Мыш Без Мягкого Знака помялся:

– У меня трошки…

– Ладно, ладно, пошли, братва.

В кафе с облупленными стенами, с невыветрившимися кислыми запахами столовой военного времени заказали водки, скромной закуски, несколько бутылок фруктовой воды.

Шлихман пил только фруктовую, от водки отворачивался с отвращением, тряс лохматой головой, объяснял незнакомым Федору словом:

– У меня идиосинкразия.

Пил фруктовую, но, как ни странно, пьянел вместе со всеми, горячился, кричал о погибшей старине, об исчезающей поэзии, читал со слезой Блока:

 
Россия, нищая Россия,
Мне избы серые твои,
Твои мне песни ветровые —
Как слезы первые любви!..
 

Федор молчал, пил, завидовал уму Левы Шлихмана.

У Ивана Мыша лишь масленели ласково глаза да буйствовал широкий румянец. Серые глаза Чернышева темнели, лицо становилось мягким, розовым, нежным, как у девушки.

Шлихман Лева, как оказалось, жил в Харькове, а кончил художественное училище почему-то в Пензе. Иван Мыш училище не кончал, но не один год работал художником в армейском клубе, расписывал даже театральные декорации. У Вячеслава Чернышева отец был довольно известный художник-график, сам Вячеслав до войны поступил в художественный институт, но с первого курса ушел в армию, был, как и Федор, трижды ранен. Один Федор, если не считать доморощенного преподавания Саввы Ильича, призывавшего в помощь себе природу, нигде не учился, нигде не практиковался как художник.

На выходе из кафе не обошлось без происшествия. Двум перехватившим через край гулякам – один во флотском кителе, другой в заломленной на затылок шляпе – без причины не понравился рослый, важно выступавший Иван Мыш. Они стали на него наскакивать с двух сторон:

– Рожу отъел – лопнет!

– Дай ему по купецкой! Под фронтовика рядится.

Иван Мыш конфузливо отталкивал их:

– Да что вы, хлопцы?.. Да отцепитесь… Чего вы?.. Ударю…

– А ну, а ну! Испугал.

– По купецкой его! По купецкой смажь!

– Отойдите, хлопцы… Ударю же… Что вы?..

Федор и Чернышев пытались оттащить пьяных, те лезли к ним целоваться:

– Вы парни свои. Вы – фронтовики! Эт-тот, сука, в тылу сидел!

И наскакивали на конфузливого Ивана Мыша.

Тогда Мыш осторожно, казалось, боязливо взял в обе руки воротники флотского клеша и заломленной шляпы, свел лбами. Раздался глухой деревянный стук, оба бойца вяло сползли на тротуар, очумело качая головами. Иван Мыш стоял над ними и по-прежнему конфузливо говорил:

– Ну вот… Ведь предупреждал же… Ну вот, что же вы…

Чернышев закинул голову, весело расхохотался:

– Бр-раво! Удар!

Весь обратный путь Лева Шлихман шел со счастливым лицом, горделиво и независимо выпятив грудь, – берегись, идет дебошир.

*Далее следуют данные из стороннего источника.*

lemma conflict_par_iff:
  "conflict (par E F) u v \<longleftrightarrow>
     (\<exists>a a'. u = Inl a \<and> v = Inl a' \<and> conflict E a a') \<or> (\<exists>b b'. u = Inr b \<and> v = Inr b' \<and> conflict F b b')"
  by (cases u; cases v) auto

lemma is_esD:
  assumes "is_es E"
  shows "leq E e e' \<Longrightarrow> e \<in> events E" "leq E e e' \<Longrightarrow> e' \<in> events E"
    and "e \<in> events E \<Longrightarrow> leq E e e"
    and "leq E e e' \<Longrightarrow> leq E e' e \<Longrightarrow> e = e'"
    and "leq E e e' \<Longrightarrow> leq E e' e'' \<Longrightarrow> leq E e e''"
    and "e \<in> events E \<Longrightarrow> finite {e'. leq E e' e}"
    and "conflict E e e' \<Longrightarrow> e \<in> events E" "conflict E e e' \<Longrightarrow> e' \<in> events E"
    and "\<not> conflict E e e"
    and "conflict E e e' \<Longrightarrow> conflict E e' e"
    and "conflict E e e' \<Longrightarrow> leq E e' e'' \<Longrightarrow> conflict E e e''"
  using assms unfolding is_es_def by blast+

lemma is_es_par:
  assumes E: "is_es E" and F: "is_es F"
  shows "is_es (par E F)"
proof -
  have "{z. leq (par E F) z u} =
      (case u of Inl a \<Rightarrow> Inl ` {z. leq E z a} | Inr b \<Rightarrow> Inr ` {z. leq F z b})" for u
    by (cases u) (auto simp: leq_par_Inl_iff leq_par_Inr_iff)
  then have "\<forall>u\<in>events (par E F). finite {z. leq (par E F) z u}"
    using is_esD(6)[OF E] is_esD(6)[OF F] by auto
  moreover have "\<forall>u v. leq (par E F) u v \<longrightarrow> u \<in> events (par E F) \<and> v \<in> events (par E F)"
    by (auto simp: leq_par_iff dest: is_esD(1,2)[OF E] is_esD(1,2)[OF F])
  moreover have "\<forall>u\<in>events (par E F). leq (par E F) u u"
    by (auto intro: is_esD(3)[OF E] is_esD(3)[OF F])
  moreover have "\<forall>u v. leq (par E F) u v \<and> leq (par E F) v u \<longrightarrow> u = v"
    by (auto simp: leq_par_iff dest: is_esD(4)[OF E] is_esD(4)[OF F])
  moreover have "\<forall>u v w. leq (par E F) u v \<and> leq (par E F) v w \<longrightarrow> leq (par E F) u w"
    by (auto simp: leq_par_iff intro: is_esD(5)[OF E] is_esD(5)[OF F])
  moreover have "\<forall>u v. conflict (par E F) u v \<longrightarrow> u \<in> events (par E F) \<and> v \<in> events (par E F)"
    by (auto simp: conflict_par_iff dest: is_esD(7,8)[OF E] is_esD(7,8)[OF F])
  moreover have "\<forall>u. \<not> conflict (par E F) u u"
    using is_esD(9)[OF E] is_esD(9)[OF F] by (auto simp: conflict_par_iff)
  moreover have "\<forall>u v. conflict (par E F) u v \<longrightarrow> conflict (par E F) v u"
    by (auto simp: conflict_par_iff intro: is_esD(10)[OF E] is_esD(10)[OF F])
  moreover have "\<forall>u v w. conflict (par E F) u v \<and> leq (par E F) v w \<longrightarrow> conflict (par E F) u w"
    by (auto simp: leq_par_iff conflict_par_iff intro: is_esD(11)[OF E] is_esD(11)[OF F])
  ultimately show ?thesis
    unfolding is_es_def by blast
qed

lemma backward_sequential_par:
  assumes "backward_sequential E" "backward_sequential F"
  shows "backward_sequential (par E F)"
  using assms unfolding backward_sequential_def
  by (auto simp: leq_par_Inl_iff leq_par_Inr_iff) blast+

lemma conf_down_closure:
  assumes "is_es E" "e \<in> events E"
  shows "conf E {z. leq E z e}"
  unfolding conf_def
proof (intro conjI ballI allI impI)
  show "finite {z. leq E z e}" using is_esD(6)[OF assms] .
  show "{z. leq E z e} \<subseteq> events E" using is_esD(1)[OF assms(1)] by blast
  show "z' \<in> {z. leq E z e}" if "z \<in> {z. leq E z e}" "leq E z' z" for z z'
    using that is_esD(5)[OF assms(1)] by blast
  show "\<not> conflict E z z'" if "z \<in> {z. leq E z e}" "z' \<in> {z. leq E z e}" for z z'
    \<comment> \<open>a conflict below \<open>e\<close> is inherited upwards to a self-conflict of \<open>e\<close>\<close>
    using that is_esD(9-11)[OF assms(1)] by blast
qed

lemma conf_downD: "conf E x \<Longrightarrow> e \<in> x \<Longrightarrow> leq E e' e \<Longrightarrow> e' \<in> x"
  unfolding conf_def by blast

lemma es_map_down:
  assumes "is_es E" "es_map E G h" "e \<in> events E" "leq G a (h e)"
  shows "\<exists>e'. leq E e' e \<and> h e' = a"
proof -
  have "conf G (h ` {z. leq E z e})"
    using assms(2) conf_down_closure[OF assms(1,3)] unfolding es_map_def by blast
  moreover have "h e \<in> h ` {z. leq E z e}"
    using is_esD(3)[OF assms(1,3)] by blast
  ultimately have "a \<in> h ` {z. leq E z e}"
    using assms(4) by (rule conf_downD)
  then show ?thesis by blast
qed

В общежитии, прежде чем лечь спать, все по очереди щупали мускулы Ивана Мыша, как барышники лошадь, хлопали по его широкой спине.

– Ты терпелив, с такими бицепсами еще долго нянчился с ними, – восхищался Чернышев.

– Всяко бывает… Могли поколотить, – без энтузиазма возразил Иван Мыш, укладываясь спать.

Лева Шлихман после этого вечера получил прозвище Православный. У Федора появились товарищи.

9

Слышался стук плохо закрепленных на мольбертах подрамников, скрип половиц, сосредоточенное дыхание, шорох одежды – кругом работали. Федор себя чувствовал, как спортсмен на беговой дорожке, – скорей, скорей, к финишу!

И неожиданно для себя увидел, что кончил. На холсте нет ни одного кусочка, не покрытого краской. Есть бутылка, есть фон, есть стакан с бликами, есть лимоны – ничего больше не прибавишь.

А вокруг трудились. Краем глаза увидел – половина холста Ивана Мыша чиста, а Иван Мыш тоже не бездельничал.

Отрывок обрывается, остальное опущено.